Extracted data entries:
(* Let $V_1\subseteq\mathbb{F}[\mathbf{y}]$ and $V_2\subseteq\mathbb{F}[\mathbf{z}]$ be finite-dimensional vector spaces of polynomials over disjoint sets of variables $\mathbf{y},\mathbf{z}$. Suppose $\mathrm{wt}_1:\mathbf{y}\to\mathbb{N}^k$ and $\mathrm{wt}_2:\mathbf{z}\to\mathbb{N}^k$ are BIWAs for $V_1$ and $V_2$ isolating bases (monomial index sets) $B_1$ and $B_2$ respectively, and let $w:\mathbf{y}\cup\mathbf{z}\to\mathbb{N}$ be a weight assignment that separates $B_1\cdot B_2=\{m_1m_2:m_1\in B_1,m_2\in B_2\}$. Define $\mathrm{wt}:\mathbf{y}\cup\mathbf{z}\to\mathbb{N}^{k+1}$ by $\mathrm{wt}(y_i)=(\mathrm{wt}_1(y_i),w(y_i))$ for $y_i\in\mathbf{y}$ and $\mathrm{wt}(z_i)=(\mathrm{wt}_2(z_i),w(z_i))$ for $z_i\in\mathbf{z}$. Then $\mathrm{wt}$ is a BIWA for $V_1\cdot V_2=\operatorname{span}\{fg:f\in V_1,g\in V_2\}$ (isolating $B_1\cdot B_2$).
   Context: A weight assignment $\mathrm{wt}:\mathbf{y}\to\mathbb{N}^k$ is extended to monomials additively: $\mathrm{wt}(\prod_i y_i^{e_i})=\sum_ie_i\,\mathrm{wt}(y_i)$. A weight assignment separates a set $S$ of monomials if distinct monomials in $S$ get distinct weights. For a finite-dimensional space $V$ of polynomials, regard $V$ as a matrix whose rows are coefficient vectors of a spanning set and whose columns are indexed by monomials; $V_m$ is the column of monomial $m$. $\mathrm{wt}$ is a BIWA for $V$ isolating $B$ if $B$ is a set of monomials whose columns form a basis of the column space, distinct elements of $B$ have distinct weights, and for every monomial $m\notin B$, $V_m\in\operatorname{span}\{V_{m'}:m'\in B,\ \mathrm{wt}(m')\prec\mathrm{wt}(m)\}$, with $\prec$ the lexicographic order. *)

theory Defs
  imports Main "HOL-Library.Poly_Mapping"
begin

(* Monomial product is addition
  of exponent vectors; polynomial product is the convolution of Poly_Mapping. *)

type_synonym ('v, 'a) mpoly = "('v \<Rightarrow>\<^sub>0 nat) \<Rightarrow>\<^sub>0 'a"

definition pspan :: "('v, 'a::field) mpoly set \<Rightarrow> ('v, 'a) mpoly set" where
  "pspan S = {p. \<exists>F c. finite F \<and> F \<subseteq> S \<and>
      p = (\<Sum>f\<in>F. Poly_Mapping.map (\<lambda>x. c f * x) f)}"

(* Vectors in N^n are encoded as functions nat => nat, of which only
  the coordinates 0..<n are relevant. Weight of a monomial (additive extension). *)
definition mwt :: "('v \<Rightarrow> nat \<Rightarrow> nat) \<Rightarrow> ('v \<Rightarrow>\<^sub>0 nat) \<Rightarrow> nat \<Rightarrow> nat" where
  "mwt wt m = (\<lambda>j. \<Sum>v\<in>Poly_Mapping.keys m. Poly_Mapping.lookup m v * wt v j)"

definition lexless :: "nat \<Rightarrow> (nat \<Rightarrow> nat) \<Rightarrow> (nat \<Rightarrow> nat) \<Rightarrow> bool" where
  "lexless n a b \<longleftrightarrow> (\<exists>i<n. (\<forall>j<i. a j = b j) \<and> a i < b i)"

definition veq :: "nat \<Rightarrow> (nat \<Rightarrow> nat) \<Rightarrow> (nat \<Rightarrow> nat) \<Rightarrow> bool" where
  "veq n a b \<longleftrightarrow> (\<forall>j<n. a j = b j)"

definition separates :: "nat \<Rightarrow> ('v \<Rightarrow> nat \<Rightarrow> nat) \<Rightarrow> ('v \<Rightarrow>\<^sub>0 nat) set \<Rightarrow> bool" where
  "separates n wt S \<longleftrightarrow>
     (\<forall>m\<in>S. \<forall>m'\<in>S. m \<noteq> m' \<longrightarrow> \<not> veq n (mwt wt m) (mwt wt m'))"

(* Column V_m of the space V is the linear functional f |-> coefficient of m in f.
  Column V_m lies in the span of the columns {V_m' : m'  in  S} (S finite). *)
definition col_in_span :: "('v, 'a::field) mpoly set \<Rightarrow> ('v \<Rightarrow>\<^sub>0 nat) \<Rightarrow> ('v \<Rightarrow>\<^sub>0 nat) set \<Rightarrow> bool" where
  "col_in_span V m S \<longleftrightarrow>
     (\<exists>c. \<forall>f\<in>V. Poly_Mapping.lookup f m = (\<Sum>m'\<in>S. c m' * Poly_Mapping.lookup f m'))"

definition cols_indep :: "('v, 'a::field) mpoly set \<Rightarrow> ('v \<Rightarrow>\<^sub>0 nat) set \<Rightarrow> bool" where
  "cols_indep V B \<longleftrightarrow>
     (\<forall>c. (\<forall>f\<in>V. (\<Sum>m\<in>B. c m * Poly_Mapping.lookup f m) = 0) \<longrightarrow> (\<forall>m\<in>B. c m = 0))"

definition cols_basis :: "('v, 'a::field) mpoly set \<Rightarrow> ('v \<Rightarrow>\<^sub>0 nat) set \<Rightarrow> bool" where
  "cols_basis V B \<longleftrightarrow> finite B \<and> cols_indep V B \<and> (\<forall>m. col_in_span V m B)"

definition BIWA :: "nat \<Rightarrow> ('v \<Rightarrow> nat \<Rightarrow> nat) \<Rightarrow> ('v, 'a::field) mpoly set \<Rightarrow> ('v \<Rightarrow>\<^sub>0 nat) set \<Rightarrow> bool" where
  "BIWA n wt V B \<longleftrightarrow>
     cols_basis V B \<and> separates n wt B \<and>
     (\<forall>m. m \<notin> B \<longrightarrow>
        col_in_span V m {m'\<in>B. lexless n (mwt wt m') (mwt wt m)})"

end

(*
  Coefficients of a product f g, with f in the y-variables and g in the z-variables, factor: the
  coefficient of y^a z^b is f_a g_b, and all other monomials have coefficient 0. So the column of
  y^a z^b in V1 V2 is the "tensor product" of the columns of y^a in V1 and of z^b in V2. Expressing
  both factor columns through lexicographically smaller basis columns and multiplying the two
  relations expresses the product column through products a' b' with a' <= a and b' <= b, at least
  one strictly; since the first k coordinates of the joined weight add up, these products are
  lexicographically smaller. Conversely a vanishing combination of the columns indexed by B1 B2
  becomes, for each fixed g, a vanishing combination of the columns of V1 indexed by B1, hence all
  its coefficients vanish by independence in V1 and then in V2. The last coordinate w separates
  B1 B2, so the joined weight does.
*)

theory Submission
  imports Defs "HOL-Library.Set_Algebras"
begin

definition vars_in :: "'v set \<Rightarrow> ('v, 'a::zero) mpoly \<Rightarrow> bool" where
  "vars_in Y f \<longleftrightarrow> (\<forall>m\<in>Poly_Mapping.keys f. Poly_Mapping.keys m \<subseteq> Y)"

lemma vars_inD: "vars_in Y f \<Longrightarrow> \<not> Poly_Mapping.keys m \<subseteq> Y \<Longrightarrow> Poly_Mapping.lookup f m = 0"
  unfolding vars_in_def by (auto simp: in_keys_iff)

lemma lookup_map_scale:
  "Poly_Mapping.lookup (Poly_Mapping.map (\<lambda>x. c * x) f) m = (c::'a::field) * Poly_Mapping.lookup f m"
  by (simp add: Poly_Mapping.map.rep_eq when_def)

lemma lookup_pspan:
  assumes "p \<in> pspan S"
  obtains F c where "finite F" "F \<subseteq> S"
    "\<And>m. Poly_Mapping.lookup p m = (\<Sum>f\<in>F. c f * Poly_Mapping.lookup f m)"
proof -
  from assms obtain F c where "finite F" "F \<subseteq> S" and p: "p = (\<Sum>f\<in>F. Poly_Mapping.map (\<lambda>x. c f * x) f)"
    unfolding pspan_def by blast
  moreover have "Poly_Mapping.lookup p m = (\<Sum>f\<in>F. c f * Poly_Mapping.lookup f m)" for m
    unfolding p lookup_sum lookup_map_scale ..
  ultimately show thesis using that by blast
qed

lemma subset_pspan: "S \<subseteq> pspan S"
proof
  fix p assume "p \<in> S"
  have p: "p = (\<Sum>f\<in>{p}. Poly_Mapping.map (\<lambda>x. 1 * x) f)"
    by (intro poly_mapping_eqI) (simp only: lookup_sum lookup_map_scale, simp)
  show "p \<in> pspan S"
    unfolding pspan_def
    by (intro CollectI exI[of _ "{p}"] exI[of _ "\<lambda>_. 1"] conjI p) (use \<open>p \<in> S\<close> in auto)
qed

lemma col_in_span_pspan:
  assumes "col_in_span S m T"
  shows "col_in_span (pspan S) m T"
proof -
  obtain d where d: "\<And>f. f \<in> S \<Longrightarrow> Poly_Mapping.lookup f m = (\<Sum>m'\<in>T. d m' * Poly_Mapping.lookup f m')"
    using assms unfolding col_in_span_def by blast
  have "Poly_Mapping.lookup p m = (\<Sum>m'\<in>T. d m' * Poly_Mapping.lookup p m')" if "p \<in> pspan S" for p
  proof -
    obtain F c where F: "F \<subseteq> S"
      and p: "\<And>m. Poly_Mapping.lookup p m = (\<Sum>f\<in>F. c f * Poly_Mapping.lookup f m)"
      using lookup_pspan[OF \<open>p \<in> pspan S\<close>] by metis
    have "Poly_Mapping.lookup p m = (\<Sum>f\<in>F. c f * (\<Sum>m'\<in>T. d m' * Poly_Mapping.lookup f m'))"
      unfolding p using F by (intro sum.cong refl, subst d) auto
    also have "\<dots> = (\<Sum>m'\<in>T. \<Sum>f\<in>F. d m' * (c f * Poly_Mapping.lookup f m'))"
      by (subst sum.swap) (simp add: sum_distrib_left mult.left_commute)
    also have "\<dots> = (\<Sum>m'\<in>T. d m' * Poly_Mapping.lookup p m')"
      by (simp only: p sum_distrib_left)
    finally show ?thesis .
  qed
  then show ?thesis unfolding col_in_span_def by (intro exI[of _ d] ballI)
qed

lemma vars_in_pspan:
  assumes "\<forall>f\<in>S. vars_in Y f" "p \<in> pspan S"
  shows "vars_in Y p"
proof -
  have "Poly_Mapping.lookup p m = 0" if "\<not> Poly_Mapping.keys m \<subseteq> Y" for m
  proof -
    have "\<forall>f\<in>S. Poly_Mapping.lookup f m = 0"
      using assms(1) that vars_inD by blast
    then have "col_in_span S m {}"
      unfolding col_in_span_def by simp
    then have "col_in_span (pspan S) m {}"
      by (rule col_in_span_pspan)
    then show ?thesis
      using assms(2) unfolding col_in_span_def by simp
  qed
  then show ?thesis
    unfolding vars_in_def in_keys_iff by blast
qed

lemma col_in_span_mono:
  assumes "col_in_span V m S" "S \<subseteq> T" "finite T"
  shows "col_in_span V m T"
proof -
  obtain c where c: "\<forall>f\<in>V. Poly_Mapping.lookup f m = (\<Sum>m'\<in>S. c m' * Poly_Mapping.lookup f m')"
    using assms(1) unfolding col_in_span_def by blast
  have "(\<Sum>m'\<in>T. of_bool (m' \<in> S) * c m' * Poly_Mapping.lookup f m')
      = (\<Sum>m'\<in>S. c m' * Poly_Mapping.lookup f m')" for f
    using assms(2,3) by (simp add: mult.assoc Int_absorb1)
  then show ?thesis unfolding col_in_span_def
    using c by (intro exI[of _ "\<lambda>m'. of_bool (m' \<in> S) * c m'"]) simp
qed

Exercise goal: Above are the entries; copy every line among them that contains the word "factor".

Response to this exercise:
  Coefficients of a product f g, with f in the y-variables and g in the z-variables, factor: the
  both factor columns through lexicographically smaller basis columns and multiplying the two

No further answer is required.